GenAssist: Making Image Generation Accessible

Mina Huh,Yi-Hao Peng,Amy Pavel
DOI: https://doi.org/10.48550/arXiv.2307.07589
IF: 6.4588
2023-07-14
Human-Computer Interaction
Abstract:Blind and low vision (BLV) creators use images to communicate with sighted audiences. However, creating or retrieving images is challenging for BLV creators as it is difficult to use authoring tools or assess image search results. Thus, creators limit the types of images they create or recruit sighted collaborators. While text-to-image generation models let creators generate high-fidelity images based on a text description (i.e. prompt), it is difficult to assess the content and quality of generated images. We present GenAssist, a system to make text-to-image generation accessible. Using our interface, creators can verify whether generated image candidates followed the prompt, access additional details in the image not specified in the prompt, and skim a summary of similarities and differences between image candidates. To power the interface, GenAssist uses a large language model to generate visual questions, vision-language models to extract answers, and a large language model to summarize the results. Our study with 12 BLV creators demonstrated that GenAssist enables and simplifies the process of image selection and generation, making visual authoring more accessible to all.
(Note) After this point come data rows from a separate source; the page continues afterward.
(* Write <a, b> = (1 + ab)(1 + ba)^-1.  Locality of the augmentation, already for 1 x 1
   matrices, makes an element of B a unit as soon as its image under eps is one.  Let N be
   the subgroup generated by the <a, b> with eps a = 0; it is normal in the units of B and
   lies in eps^-1(1).  The identity
     <x + (1 + xy) c, y> = (1 + xy) <c, y> (1 + xy)^-1 <x, y>
   shows that <a, b> is congruent modulo N to <j eps a, j eps b> = j eps <a, b>.  Hence every
   u in the subgroup generated by all <a, b> with 1 + ba a unit satisfies u = j (eps u)
   modulo N, and if moreover eps u = 1 then u lies in N; this gives the equalities in 1.
   Part 2 rests on [u, v] = <u (v - 1), u^-1> and <a, b> = [b^-1, 1 + ba]; the first of
   these also shows that eps^-1(1) / N is abelian.  For part 3: when x commutes with y, the
   same identity says that <x + (1 + xy) c, y> is conjugate to <c, y> by an element of
   eps^-1(1).  This moves the first entry of <b, a> between the fibres of eps over 1 and
   over zeta, and so relates the commutators of eps^-1(1) to the generators of C(S) with
   eps b = zeta. *)

section \<open>Equalizers and abelian quotients of groups\<close>

lemma (in group) subgroup_equalizer:
  assumes "group H" "f \<in> hom G H" "g \<in> hom G H"
  shows "subgroup {x \<in> carrier G. f x = g x} G"
proof -
  interpret f: group_hom G H f using assms by (simp add: group_hom_def group_hom_axioms_def)
  interpret g: group_hom G H g using assms by (simp add: group_hom_def group_hom_axioms_def)
  show ?thesis
    by (rule subgroupI) auto
qed

lemma (in group) comm_group_Mod_if_commutators_in:
  assumes N: "N \<lhd> G"
    and comm: "\<And>x y. x \<in> carrier G \<Longrightarrow> y \<in> carrier G \<Longrightarrow> x \<otimes> y \<otimes> inv x \<otimes> inv y \<in> N"
  shows "comm_group (G Mod N)"
proof (rule group.group_comm_groupI[OF normal.factorgroup_is_group[OF N]])
  interpret N: normal N G by (rule N)
  fix A B assume "A \<in> carrier (G Mod N)" "B \<in> carrier (G Mod N)"
  then obtain x y where x: "x \<in> carrier G" "A = N #> x" and y: "y \<in> carrier G" "B = N #> y"
    unfolding FactGroup_def RCOSETS_def by auto
  have "y \<otimes> x \<otimes> inv (x \<otimes> y) = y \<otimes> x \<otimes> inv y \<otimes> inv x"
    using x y by (simp add: inv_mult_group m_assoc)
  then have "y \<otimes> x \<in> N #> (x \<otimes> y)"
    using N.rcos_module[OF is_group] x y comm by simp
  then have "N #> (x \<otimes> y) = N #> (y \<otimes> x)"
    using repr_independence N.subgroup_axioms x y by simp
  then show "A \<otimes>\<^bsub>G Mod N\<^esub> B = B \<otimes>\<^bsub>G Mod N\<^esub> A"
    using x y by (simp add: FactGroup_def N.rcos_sum)
qed

section \<open>The unit group of a ring\<close>

abbreviation ring_units :: "'b::ring_1 set" where
  "ring_units \<equiv> carrier units_grp"

abbreviation unit_inv :: "'b::ring_1 \<Rightarrow> 'b" where
  "unit_inv x \<equiv> inv\<^bsub>units_grp\<^esub> x"

lemma group_units_grp: "group (units_grp :: 'b::ring_1 monoid)"
proof -
  have "monoid (mult_monoid :: 'b monoid)"
    by unfold_locales (auto simp: mult_monoid_def mult.assoc)
  then show ?thesis
    unfolding units_grp_def by (rule monoid.units_group)
qed

interpretation units_grp: group "units_grp :: 'b::ring_1 monoid"
  by (rule group_units_grp)

lemma ring_units_iff: "x \<in> ring_units \<longleftrightarrow> (\<exists>y. x * y = 1 \<and> y * x = 1)"
  by (auto simp: units_grp_def units_of_carrier Units_def mult_monoid_def)

lemma units_grp_mult [simp]: "x \<otimes>\<^bsub>units_grp\<^esub> y = x * y"
  by (simp add: units_grp_def units_of_mult mult_monoid_def)

lemma units_grp_one [simp]: "\<one>\<^bsub>units_grp\<^esub> = 1"
  by (simp add: units_grp_def units_of_one mult_monoid_def)

lemma ring_unitsI: "x * y = 1 \<Longrightarrow> y * x = 1 \<Longrightarrow> x \<in> ring_units"
  by (auto simp: ring_units_iff)

lemma one_in_ring_units [simp]: "1 \<in> ring_units"
  using units_grp.one_closed by simp

lemma ring_units_mult: "x \<in> ring_units \<Longrightarrow> y \<in> ring_units \<Longrightarrow> x * y \<in> ring_units"
  using units_grp.m_closed by simp

lemma unit_inv_right [simp]: "x \<in> ring_units \<Longrightarrow> x * unit_inv x = 1"
  using units_grp.r_inv by simp

lemma unit_inv_left [simp]: "x \<in> ring_units \<Longrightarrow> unit_inv x * x = 1"
  using units_grp.l_inv by simp

lemma unit_inv_cancel [simp]:
  assumes "x \<in> ring_units"
  shows "x * (unit_inv x * y) = y" "unit_inv x * (x * y) = y"
    "y * x * unit_inv x = y" "y * unit_inv x * x = y"
  using assms by (simp_all flip: mult.assoc) (simp_all add: mult.assoc)

lemma unit_inv_unique: "x * y = 1 \<Longrightarrow> y * x = 1 \<Longrightarrow> unit_inv x = y"
  using units_grp.inv_equality[of y x] by (simp add: ring_unitsI)

lemma unit_inv_one [simp]: "unit_inv 1 = 1"
  by (rule unit_inv_unique) simp_all

lemma unit_inv_mult:
  "x \<in> ring_units \<Longrightarrow> y \<in> ring_units \<Longrightarrow> unit_inv (x * y) = unit_inv y * unit_inv x"
  using units_grp.inv_mult_group by simp

lemma one_plus_mult_unit_swap:
  fixes a b :: "'b::ring_1"
  assumes "1 + b * a \<in> ring_units"
  shows "1 + a * b \<in> ring_units"
proof (rule ring_unitsI)
  let ?v = "unit_inv (1 + b * a)"
  have "(1 + a * b) * (1 - a * ?v * b) = 1 + a * b - a * ((1 + b * a) * ?v) * b"
    by (simp add: algebra_simps)
  then show "(1 + a * b) * (1 - a * ?v * b) = 1" using assms by simp
  have "(1 - a * ?v * b) * (1 + a * b) = 1 + a * b - a * (?v * (1 + b * a)) * b"
    by (simp add: algebra_simps)
  then show "(1 - a * ?v * b) * (1 + a * b) = 1" using assms by simp
qed

section \<open>Dennis--Stein elements\<close>

text \<open>(1 + ab)(1 + ba)^-1 is the image in K_1 of the Dennis--Stein symbol <a, b>.\<close>
definition dennis_stein :: "'b::ring_1 \<Rightarrow> 'b \<Rightarrow> 'b" where
  "dennis_stein a b = (1 + a * b) * unit_inv (1 + b * a)"

lemma dennis_stein_unit: "1 + b * a \<in> ring_units \<Longrightarrow> dennis_stein a b \<in> ring_units"
  unfolding dennis_stein_def by (simp add: one_plus_mult_unit_swap ring_units_mult)

lemma unit_inv_dennis_stein:
  "1 + b * a \<in> ring_units \<Longrightarrow> unit_inv (dennis_stein a b) = dennis_stein b a"
  unfolding dennis_stein_def by (simp add: unit_inv_mult one_plus_mult_unit_swap)

lemma dennis_stein_commuting: "a * b = b * a \<Longrightarrow> 1 + b * a \<in> ring_units \<Longrightarrow> dennis_stein a b = 1"
  unfolding dennis_stein_def by simp

lemma dennis_stein_conj:
  assumes u: "u \<in> ring_units" and ab: "1 + b * a \<in> ring_units"
  shows "u * dennis_stein a b * unit_inv u
    = dennis_stein (u * a * unit_inv u) (u * b * unit_inv u)"
proof -
  have conj: "1 + (u * x * unit_inv u) * (u * y * unit_inv u) = u * (1 + x * y) * unit_inv u"
    for x y using u by (simp add: algebra_simps mult.assoc)
  have "unit_inv (u * (1 + b * a) * unit_inv u) = u * unit_inv (1 + b * a) * unit_inv u"
    using u ab by (simp add: unit_inv_mult ring_units_mult mult.assoc)
  then show ?thesis
    unfolding dennis_stein_def conj using u by (simp add: mult.assoc)
qed

lemma dennis_stein_add_left:
  assumes "1 + y * x \<in> ring_units" "1 + y * c \<in> ring_units"
  shows "dennis_stein (x + (1 + x * y) * c) y
    = (1 + x * y) * dennis_stein c y * unit_inv (1 + x * y) * dennis_stein x y"
proof -
  have "1 + (x + (1 + x * y) * c) * y = (1 + x * y) * (1 + c * y)"
    "1 + y * (x + (1 + x * y) * c) = (1 + y * x) * (1 + y * c)"
    by (simp_all add: algebra_simps)
  then show ?thesis
    unfolding dennis_stein_def using assms
    by (simp add: unit_inv_mult one_plus_mult_unit_swap mult.assoc)
qed

lemma dennis_stein_add_left_commuting:
  assumes "x * y = y * x" "1 + y * x \<in> ring_units" "1 + y * c \<in> ring_units"
  shows "dennis_stein (x + (1 + x * y) * c) y
    = (1 + x * y) * dennis_stein c y * unit_inv (1 + x * y)"
  using dennis_stein_add_left[OF assms(2,3)] dennis_stein_commuting[OF assms(1,2)] by simp

lemma commutator_eq_dennis_stein:
  assumes "u \<in> ring_units" "v \<in> ring_units"
  shows "u * v * unit_inv u * unit_inv v = dennis_stein (u * (v - 1)) (unit_inv u)"
proof -
  have "1 + u * (v - 1) * unit_inv u = u * v * unit_inv u" "1 + unit_inv u * (u * (v - 1)) = v"
    using assms by (simp_all add: algebra_simps)
  then show ?thesis unfolding dennis_stein_def by simp
qed

text \<open>The double inverse keeps the right-hand side literally of the shape
  x y x^-1 y^-1 used by \<^const>\<open>derived\<close>.\<close>
lemma dennis_stein_eq_commutator:
  assumes "b \<in> ring_units" "1 + b * a \<in> ring_units"
  shows "dennis_stein a b = unit_inv b * (1 + b * a) * unit_inv (unit_inv b) * unit_inv (1 + b * a)"
proof -
  have "unit_inv b * (1 + b * a) * b = 1 + a * b" using assms by (simp add: algebra_simps)
  then show ?thesis unfolding dennis_stein_def using assms by simp
qed

lemma is_ring_hom_zero: "is_ring_hom f \<Longrightarrow> f 0 = 0"
  unfolding is_ring_hom_def by (metis add_cancel_right_right add_0)

lemma is_ring_hom_diff: "is_ring_hom f \<Longrightarrow> f (x - y) = f x - f y"
  unfolding is_ring_hom_def by (metis add_diff_cancel diff_add_cancel)

lemma is_ring_hom_units:
  assumes "is_ring_hom f"
  shows "f \<in> hom units_grp units_grp"
proof -
  have mult: "f (x * y) = f x * f y" and one: "f 1 = 1" for x y
    using assms unfolding is_ring_hom_def by auto
  have "f x \<in> ring_units" if "x \<in> ring_units" for x
  proof -
    obtain y where "x * y = 1" "y * x = 1" using \<open>x \<in> ring_units\<close> ring_units_iff by blast
    then show ?thesis using ring_unitsI[of "f x" "f y"] by (simp flip: mult add: one)
  qed
  then show ?thesis by (simp add: hom_def mult)
qed

lemma is_ring_hom_unit_inv:
  assumes "is_ring_hom f" "x \<in> ring_units"
  shows "f (unit_inv x) = unit_inv (f x)"
proof -
  interpret group_hom units_grp units_grp f
    using is_ring_hom_units[OF assms(1)] by unfold_locales
  show ?thesis using assms(2) by simp
qed

lemma is_ring_hom_dennis_stein:
  assumes "is_ring_hom f" "1 + b * a \<in> ring_units"
  shows "f (dennis_stein a b) = dennis_stein (f a) (f b)"
proof -
  have add: "f (x + y) = f x + f y" and mult: "f (x * y) = f x * f y" and one: "f 1 = 1" for x y
    using assms(1) unfolding is_ring_hom_def by auto
  show ?thesis
    unfolding dennis_stein_def mult is_ring_hom_unit_inv[OF assms] by (simp only: add mult one)
qed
What problem does this paper attempt to address?
The paper aims to address the issues faced by blind and low vision (BLV) creators when using text-to-image generation tools. Specifically, the paper focuses on the following points: 1. **Existing Challenges**: BLV creators face numerous obstacles when creating or searching for images, including difficulties in using visual editing tools and evaluating image search results. Although existing automated descriptions (such as auto-captions, object detection, etc.) can provide some assistance, these descriptions are often insufficient for creators to fully understand the content and quality of the images. 2. **Accessibility of Text-to-Image Generation Tools**: While advanced text-to-image generation models (such as DALL-E, Stable Diffusion, etc.) can generate high-quality images based on text descriptions, these tools are not user-friendly for BLV users because they require users to visually inspect and iteratively optimize input prompts to select satisfactory images. 3. **GenAssist System**: The paper proposes a new system called GenAssist, aimed at improving the accessibility of the text-to-image generation process. This system helps BLV creators in the following ways: - **Verifying if the generated images match the prompts**: Allows users to confirm whether the generated images follow the original text descriptions. - **Extracting visual details not specified in the prompts**: Provides information about content in the images that was not mentioned in the prompts. - **Comparing similarities and differences between different images**: Helps users understand the distinctions between multiple candidate images through comparative descriptions. - **Interactive Questioning**: Supports users in asking questions about multiple images to obtain more information. 4. **User Study**: A study involving 12 BLV creators showed that GenAssist significantly enhances their ability to understand and select generated images, and increases their satisfaction with the image generation performance. In summary, the paper aims to improve the experience of BLV creators when using text-to-image generation tools by developing the GenAssist system, enabling them to more easily understand and select generated images.